* _WORK ORDER_
Reproduce the full set of records verbatim.

* _RECORDS_
┌──

text \<open>Hence the causal theory of any valuation is a maximal consistent set: it is
  consistent by soundness and complete with respect to negation.\<close>
lemma causal_theory_max_consistent:
  assumes "\<forall>(\<phi>, \<psi>) \<in> \<Theta>. \<phi> \<in> langL \<and> \<psi> \<in> langL"
  shows "max_box_consistent \<Theta> (causal_theory \<Theta> v)"
proof -
  have "\<forall>A\<in>causal_theory \<Theta> v. ceval \<Theta> v A" by (simp add: causal_theory_def)
  then have "\<not> calc \<Theta> n (side_cond \<Theta>) (causal_theory \<Theta> v) {}" for n
    using calc_sound[OF assms, of n "causal_theory \<Theta> v" "{}" v] by blast
  then have "box_consistent \<Theta> (causal_theory \<Theta> v)"
    by (simp add: box_consistent_def derivable_iff_calc)
  moreover have "\<not> box_consistent \<Theta> \<Sigma>'" if larger: "causal_theory \<Theta> v \<subset> \<Sigma>'" for \<Sigma>'
  proof -
    obtain A where A: "A \<in> \<Sigma>'" "A \<notin> causal_theory \<Theta> v"
      using larger by blast
    then have "Neg A \<in> causal_theory \<Theta> v" by (simp add: causal_theory_def)
    then have "Neg A \<in> \<Sigma>'" using larger by blast
    then have "calc \<Theta> 0 (side_cond \<Theta>) \<Sigma>' {}" using A(1) by (rule calc_contradiction)
    then show ?thesis unfolding box_consistent_def using derivable_level0 by blast
  qed
  ultimately show ?thesis by (simp add: max_box_consistent_def)
qed

section \<open>Maximal consistent sets\<close>

definition atom_valuation :: "'a fm set \<Rightarrow> 'a \<Rightarrow> bool" where
  "atom_valuation \<Sigma> x \<longleftrightarrow> Atom x \<in> \<Sigma>"

context
  fixes \<Theta> :: "('a fm \<times> 'a fm) set" and \<Sigma> :: "'a fm set"
  assumes max_cons: "max_box_consistent \<Theta> \<Sigma>"
begin

lemma mc_consistent: "\<not> derivable \<Theta> \<Sigma> {}"
  using max_cons by (simp add: max_box_consistent_def box_consistent_def)

lemma mc_level0_consistent: "\<not> calc \<Theta> 0 (side_cond \<Theta>) \<Sigma> {}"
  using mc_consistent derivable_level0 by blast

text \<open>Sigma is deductively closed: by maximality, A outside Sigma is refutable from Sigma,
  and a cut with a derivation of A would make Sigma inconsistent.\<close>
lemma mc_closed: "derivable \<Theta> \<Gamma> {A} \<Longrightarrow> \<Gamma> \<subseteq> \<Sigma> \<Longrightarrow> A \<in> \<Sigma>"
proof (rule ccontr)
  assume der: "derivable \<Theta> \<Gamma> {A}" and sub: "\<Gamma> \<subseteq> \<Sigma>" and "A \<notin> \<Sigma>"
  then have "derivable \<Theta> (insert A \<Sigma>) {}"
    using max_cons unfolding max_box_consistent_def box_consistent_def by blast
  then have "derivable \<Theta> (\<Gamma> \<union> \<Sigma>) ({} \<union> {})"
    using derivable_cut[of \<Theta> \<Gamma> A "{}"] der by simp
  then show False using mc_consistent sub by (simp add: Un_absorb1)
qed

lemma mc_closed0: "calc \<Theta> 0 (side_cond \<Theta>) \<Gamma> {A} \<Longrightarrow> \<Gamma> \<subseteq> \<Sigma> \<Longrightarrow> A \<in> \<Sigma>"
  using mc_closed derivable_level0 by blast

lemma mc_Neg: "Neg A \<in> \<Sigma> \<longleftrightarrow> A \<notin> \<Sigma>"
proof
  assume "Neg A \<in> \<Sigma>"
  then show "A \<notin> \<Sigma>" using mc_level0_consistent calc_contradiction by blast
next
  assume "A \<notin> \<Sigma>"
  then obtain n where "calc \<Theta> n (side_cond \<Theta>) (insert A \<Sigma>) {}"
    using max_cons unfolding max_box_consistent_def box_consistent_def derivable_iff_calc
    by blast
  then have "calc \<Theta> n (side_cond \<Theta>) \<Sigma> {Neg A}"
    using calc.negR[of \<Theta> n _ A \<Sigma> "{}"] by simp
  then show "Neg A \<in> \<Sigma>" by (intro mc_closed[of \<Sigma>]) (auto simp: derivable_iff_calc)
qed

lemma mc_Bot: "Bot \<notin> \<Sigma>"
proof
  assume "Bot \<in> \<Sigma>"
  then have "calc \<Theta> 0 (side_cond \<Theta>) \<Sigma> {}" by (intro calc.weak[OF calc.botL]) auto
  then show False using mc_level0_consistent by blast
qed

lemma mc_Top: "Top \<in> \<Sigma>"
  using mc_closed0[OF calc.topR] by simp

lemma mc_And: "And A B \<in> \<Sigma> \<longleftrightarrow> A \<in> \<Sigma> \<and> B \<in> \<Sigma>"
proof -
  have left: "calc \<Theta> 0 (side_cond \<Theta>) {And A B} {C}" if "C \<in> {A, B}" for C
    using that by (intro calc.andL[where \<Gamma> = "{}", simplified] calc_axiom[of C]) auto
  have right: "calc \<Theta> 0 (side_cond \<Theta>) {A, B} {And A B}"
    by (intro calc.andR[where \<Delta> = "{}", simplified] calc_axiom[of A] calc_axiom[of B]) auto
  have "And A B \<in> \<Sigma> \<Longrightarrow> C \<in> \<Sigma>" if "C \<in> {A, B}" for C
    using mc_closed0[OF left[OF that]] by simp
  moreover have "A \<in> \<Sigma> \<Longrightarrow> B \<in> \<Sigma> \<Longrightarrow> And A B \<in> \<Sigma>"
    using mc_closed0[OF right] by simp
  ultimately show ?thesis by blast
qed

lemma mc_Or: "Or A B \<in> \<Sigma> \<longleftrightarrow> A \<in> \<Sigma> \<or> B \<in> \<Sigma>"
proof -
  have left: "calc \<Theta> 0 (side_cond \<Theta>) {Or A B, Neg A, Neg B} {}"
    by (intro calc.orL calc_contradiction[of A] calc_contradiction[of B]) auto
  have right: "calc \<Theta> 0 (side_cond \<Theta>) {C} {Or A B}" if "C \<in> {A, B}" for C
    using that by (intro calc.orR[where \<Delta> = "{}", simplified] calc_axiom[of C]) auto
  have "\<not> {Or A B, Neg A, Neg B} \<subseteq> \<Sigma>"
    using mc_level0_consistent calc.weak[OF left, of \<Sigma> "{}"] by blast
  then have "Or A B \<in> \<Sigma> \<Longrightarrow> A \<in> \<Sigma> \<or> B \<in> \<Sigma>"
    using mc_Neg by blast
  moreover have "C \<in> \<Sigma> \<Longrightarrow> Or A B \<in> \<Sigma>" if "C \<in> {A, B}" for C
    using mc_closed0[OF right[OF that]] by simp
  ultimately show ?thesis by blast
qed
lemma gap_sum_append_Cons:
  "xs \<noteq> [] \<Longrightarrow> gap_sum a b (xs @ y # ys)
     = gap_sum a b xs + (b y - b (last xs))\<^sup>2 / (a y + b y - (a (last xs) + b (last xs)))
       + gap_sum a b (y # ys)"
  unfolding gap_sum_def by (simp add: adjacent_pairs_append_Cons)

lemma gap_prod_single [simp]: "gap_prod a b [x] = 1"
  unfolding gap_prod_def by simp

lemma gap_sum_single [simp]: "gap_sum a b [x] = 0"
  unfolding gap_sum_def by simp

lemma maxmin_weight_shift:
  "maxmin_weight a (\<lambda>x. b x + c) xs = maxmin_weight a b xs + c * gap_prod a b xs"
  unfolding maxmin_weight_def gap_prod_def gap_sum_def by (simp add: algebra_simps)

└──

* _YOUR RESPONSE_
text \<open>Hence the causal theory of any valuation is a maximal consistent set: it is
  consistent by soundness and complete with respect to negation.\<close>
lemma causal_theory_max_consistent:
  assumes "\<forall>(\<phi>, \<psi>) \<in> \<Theta>. \<phi> \<in> langL \<and> \<psi> \<in> langL"
  shows "max_box_consistent \<Theta> (causal_theory \<Theta> v)"
proof -
  have "\<forall>A\<in>causal_theory \<Theta> v. ceval \<Theta> v A" by (simp add: causal_theory_def)
  then have "\<not> calc \<Theta> n (side_cond \<Theta>) (causal_theory \<Theta> v) {}" for n
    using calc_sound[OF assms, of n "causal_theory \<Theta> v" "{}" v] by blast
  then have "box_consistent \<Theta> (causal_theory \<Theta> v)"
    by (simp add: box_consistent_def derivable_iff_calc)
  moreover have "\<not> box_consistent \<Theta> \<Sigma>'" if larger: "causal_theory \<Theta> v \<subset> \<Sigma>'" for \<Sigma>'
  proof -
    obtain A where A: "A \<in> \<Sigma>'" "A \<notin> causal_theory \<Theta> v"
      using larger by blast
    then have "Neg A \<in> causal_theory \<Theta> v" by (simp add: causal_theory_def)
    then have "Neg A \<in> \<Sigma>'" using larger by blast
    then have "calc \<Theta> 0 (side_cond \<Theta>) \<Sigma>' {}" using A(1) by (rule calc_contradiction)
    then show ?thesis unfolding box_consistent_def using derivable_level0 by blast
  qed
  ultimately show ?thesis by (simp add: max_box_consistent_def)
qed

section \<open>Maximal consistent sets\<close>

definition atom_valuation :: "'a fm set \<Rightarrow> 'a \<Rightarrow> bool" where
  "atom_valuation \<Sigma> x \<longleftrightarrow> Atom x \<in> \<Sigma>"

context
  fixes \<Theta> :: "('a fm \<times> 'a fm) set" and \<Sigma> :: "'a fm set"
  assumes max_cons: "max_box_consistent \<Theta> \<Sigma>"
begin

lemma mc_consistent: "\<not> derivable \<Theta> \<Sigma> {}"
  using max_cons by (simp add: max_box_consistent_def box_consistent_def)

lemma mc_level0_consistent: "\<not> calc \<Theta> 0 (side_cond \<Theta>) \<Sigma> {}"
  using mc_consistent derivable_level0 by blast

text \<open>Sigma is deductively closed: by maximality, A outside Sigma is refutable from Sigma,
  and a cut with a derivation of A would make Sigma inconsistent.\<close>
lemma mc_closed: "derivable \<Theta> \<Gamma> {A} \<Longrightarrow> \<Gamma> \<subseteq> \<Sigma> \<Longrightarrow> A \<in> \<Sigma>"
proof (rule ccontr)
  assume der: "derivable \<Theta> \<Gamma> {A}" and sub: "\<Gamma> \<subseteq> \<Sigma>" and "A \<notin> \<Sigma>"
  then have "derivable \<Theta> (insert A \<Sigma>) {}"
    using max_cons unfolding max_box_consistent_def box_consistent_def by blast
  then have "derivable \<Theta> (\<Gamma> \<union> \<Sigma>) ({} \<union> {})"
    using derivable_cut[of \<Theta> \<Gamma> A "{}"] der by simp
  then show False using mc_consistent sub by (simp add: Un_absorb1)
qed

lemma mc_closed0: "calc \<Theta> 0 (side_cond \<Theta>) \<Gamma> {A} \<Longrightarrow> \<Gamma> \<subseteq> \<Sigma> \<Longrightarrow> A \<in> \<Sigma>"
  using mc_closed derivable_level0 by blast

lemma mc_Neg: "Neg A \<in> \<Sigma> \<longleftrightarrow> A \<notin> \<Sigma>"
proof
  assume "Neg A \<in> \<Sigma>"
  then show "A \<notin> \<Sigma>" using mc_level0_consistent calc_contradiction by blast
next
  assume "A \<notin> \<Sigma>"
  then obtain n where "calc \<Theta> n (side_cond \<Theta>) (insert A \<Sigma>) {}"
    using max_cons unfolding max_box_consistent_def box_consistent_def derivable_iff_calc
    by blast
  then have "calc \<Theta> n (side_cond \<Theta>) \<Sigma> {Neg A}"
    using calc.negR[of \<Theta> n _ A \<Sigma> "{}"] by simp
  then show "Neg A \<in> \<Sigma>" by (intro mc_closed[of \<Sigma>]) (auto simp: derivable_iff_calc)
qed

lemma mc_Bot: "Bot \<notin> \<Sigma>"
proof
  assume "Bot \<in> \<Sigma>"
  then have "calc \<Theta> 0 (side_cond \<Theta>) \<Sigma> {}" by (intro calc.weak[OF calc.botL]) auto
  then show False using mc_level0_consistent by blast
qed

lemma mc_Top: "Top \<in> \<Sigma>"
  using mc_closed0[OF calc.topR] by simp

lemma mc_And: "And A B \<in> \<Sigma> \<longleftrightarrow> A \<in> \<Sigma> \<and> B \<in> \<Sigma>"
proof -
  have left: "calc \<Theta> 0 (side_cond \<Theta>) {And A B} {C}" if "C \<in> {A, B}" for C
    using that by (intro calc.andL[where \<Gamma> = "{}", simplified] calc_axiom[of C]) auto
  have right: "calc \<Theta> 0 (side_cond \<Theta>) {A, B} {And A B}"
    by (intro calc.andR[where \<Delta> = "{}", simplified] calc_axiom[of A] calc_axiom[of B]) auto
  have "And A B \<in> \<Sigma> \<Longrightarrow> C \<in> \<Sigma>" if "C \<in> {A, B}" for C
    using mc_closed0[OF left[OF that]] by simp
  moreover have "A \<in> \<Sigma> \<Longrightarrow> B \<in> \<Sigma> \<Longrightarrow> And A B \<in> \<Sigma>"
    using mc_closed0[OF right] by simp
  ultimately show ?thesis by blast
qed

lemma mc_Or: "Or A B \<in> \<Sigma> \<longleftrightarrow> A \<in> \<Sigma> \<or> B \<in> \<Sigma>"
proof -
  have left: "calc \<Theta> 0 (side_cond \<Theta>) {Or A B, Neg A, Neg B} {}"
    by (intro calc.orL calc_contradiction[of A] calc_contradiction[of B]) auto
  have right: "calc \<Theta> 0 (side_cond \<Theta>) {C} {Or A B}" if "C \<in> {A, B}" for C
    using that by (intro calc.orR[where \<Delta> = "{}", simplified] calc_axiom[of C]) auto
  have "\<not> {Or A B, Neg A, Neg B} \<subseteq> \<Sigma>"
    using mc_level0_consistent calc.weak[OF left, of \<Sigma> "{}"] by blast
  then have "Or A B \<in> \<Sigma> \<Longrightarrow> A \<in> \<Sigma> \<or> B \<in> \<Sigma>"
    using mc_Neg by blast
  moreover have "C \<in> \<Sigma> \<Longrightarrow> Or A B \<in> \<Sigma>" if "C \<in> {A, B}" for C
    using mc_closed0[OF right[OF that]] by simp
  ultimately show ?thesis by blast
qed
lemma gap_sum_append_Cons:
  "xs \<noteq> [] \<Longrightarrow> gap_sum a b (xs @ y # ys)
     = gap_sum a b xs + (b y - b (last xs))\<^sup>2 / (a y + b y - (a (last xs) + b (last xs)))
       + gap_sum a b (y # ys)"
  unfolding gap_sum_def by (simp add: adjacent_pairs_append_Cons)

lemma gap_prod_single [simp]: "gap_prod a b [x] = 1"
  unfolding gap_prod_def by simp

lemma gap_sum_single [simp]: "gap_sum a b [x] = 0"
  unfolding gap_sum_def by simp

lemma maxmin_weight_shift:
  "maxmin_weight a (\<lambda>x. b x + c) xs = maxmin_weight a b xs + c * gap_prod a b xs"
  unfolding maxmin_weight_def gap_prod_def gap_sum_def by (simp add: algebra_simps)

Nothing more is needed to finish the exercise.